Knowledge, Attitude and Uptake of Premarital Screening for the Sickle Trait Among Married Couples in a Semi-Urban Community in South-South Nigeria
Precious Kalamba Gbeneol1, Seiyefa Funakpa Brisibe2, Best Ordinioha3
1Department of Medical Services, University of Education, Port Harcourt, Nigeria
2Department of Family Medicine, Niger Delta University Teaching Hospital, Okolobiri - Bayelsa State, Nigeria
3Department of Community Medicine, University of Port Harcourt Teaching Hospital, Port Harcourt, Nigeria
(P. K. Gbeneol)
Precious Kalamba Gbeneol, Seiyefa Funakpa Brisibe, Best Ordinioha. Knowledge, Attitude and Uptake of Premarital Screening for the Sickle Trait Among Married Couples in a Semi-Urban Community in South-South Nigeria. European Journal of Preventive Medicine. Vol. 3, No. 3, 2015, pp. 49-54. doi: 10.11648/j.ejpm.20150303.13
Abstract: More than 24% of Nigerians are carriers of the sickle cell gene, while about 2% of all the newborns in Nigeria are born with the sickle cell disease. The disease is a lifelong cause of severe morbidity that often require prolonged hospital admission; even as the patients have 92% excess mortality. The prevention of the disease is therefore very important, especially in Nigeria whose contribution to the global total has been projected to increase. Premarital screening for the sickle cell gene is considered one of the best ways of preventing the sickle cell disease. This study assessed the knowledge, attitude and uptake of the premarital screening among married couples in Choba, a semi-urban community in south-south Nigeria. A descriptive cross-sectional study design was used, with the data collected using structured, interviewer-administered questionnaire that was administered on married male members of the study community. A total of 290 questionnaires were administered and retrieved. The respondents had an average age of 30.55 ±4.1 years; majority (65.86%) had a tertiary education and they were all Christians. All the respondents knew about the sickle cell disease, while 84.83% were aware of the premarital screening for the disease. All had positive attitude towards the premarital screening, with 88.97% recommending that the screening be made compulsory for all intending couples. Most (72.76%) of the respondents carried out the premarital screening when they got married. The age, educational attainment and the religious denomination of the respondents significantly influenced the uptake of the screening (p-value > 0.001). A total of 9.00% of the respondents were of the same HbAS genotype as their intended spouses; out of which 21.05% went ahead and got married, citing as reasons the difficulty of jettisoning their spouses (25.00%); and the power of God to prevent a child with sickle cell disease (75.00%). The knowledge, attitude and uptake of premarital screening for sickle cell disease are high in the study, even as the screening programme is not driven by the government. The input of the government is however required in providing health education, genetic counselling and prenatal diagnosis.
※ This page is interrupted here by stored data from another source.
lemma eventually_deriv_compose:
  assumes "smooth_at_top G" "open U" "smooth_on_set U F" "\<forall>\<^sub>F x in at_top. G x \<in> U"
  shows "\<forall>\<^sub>F x in at_top. deriv (\<lambda>x. F (G x)) x = deriv F (G x) * deriv G x"
  using smooth_at_top_eventually_differentiable[OF assms(1)] assms(4)
proof eventually_elim
  case (elim x)
  then show ?case
    using assms(3) smooth_on_set_imp_differentiable
    by (intro DERIV_imp_deriv DERIV_chain2[OF DERIV_deriv DERIV_deriv]) auto
qed

lemma eventually_deriv_compose_at_top:
  assumes "smooth_at_top q" "filterlim G at_top at_top" "smooth_at_top G"
  shows "\<forall>\<^sub>F x in at_top. deriv (\<lambda>x. q (G x)) x = deriv q (G x) * deriv G x"
proof -
  obtain a where "smooth_on_set {a<..} q"
    using assms(1) unfolding smooth_at_top_def eventually_at_top_linorder by auto
  then show ?thesis
    using assms(2) by (intro eventually_deriv_compose[OF assms(3)]) (auto simp: filterlim_at_top_dense)
qed

definition derivs_vanish :: "nat \<Rightarrow> (real \<Rightarrow> real) \<Rightarrow> bool" where
  "derivs_vanish m u \<longleftrightarrow> (\<forall>j<m. ((deriv ^^ Suc j) u \<longlongrightarrow> 0) at_top)"

lemma derivs_vanish_0 [simp]: "derivs_vanish 0 u"
  unfolding derivs_vanish_def by auto

lemma derivs_vanish_Suc:
  "derivs_vanish (Suc m) u \<longleftrightarrow> (deriv u \<longlongrightarrow> 0) at_top \<and> derivs_vanish m (deriv u)"
  unfolding derivs_vanish_def by (simp add: All_less_Suc2 funpow_Suc_right del: funpow.simps)

lemma derivs_vanish_SucD: "derivs_vanish (Suc m) u \<Longrightarrow> derivs_vanish m u"
  unfolding derivs_vanish_def by auto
Keywords: Sickle Cell Disease, Premarital Screening, at-Risk Couple, Christian, South-South Nigeria
The sickle haemoglobin (HbS) gene was developed in response to severe malaria endemicity1. It has been determined that up 24% of Nigerians have the sickle cell gene2. Multiple studies have shown that the sickle cell gene is indeed protective against malaria, as heterozygotic persons with a single sickle cell gene (AS individuals) have been shown to have a decreased risk for the disease3, 4.
Homozygotic individuals (SS individuals) that inherited two HbS alleles from both parents are however not only at greater risk of contracting malaria, but are also at higher risk of several health problems, linked to the tendency of the altered red blood cells to become sickled, and then stick to blood vessels, causing ischaemia to multiple cells and organs of the body, and resulting in the sickle cell disease3.
About 2% of all the newborns in Nigeria are homozygotic with the sickle cell gene, and therefore likely to suffer from the sickle cell disease2. The disease is a lifelong cause of severe morbidity that often require prolonged hospital admission; and responsible for deformities like the characteristic sickle cell facie; and the disabilities that arise from sickle cell crises and the foot ulcers and infections that characterize the disease5 – 7.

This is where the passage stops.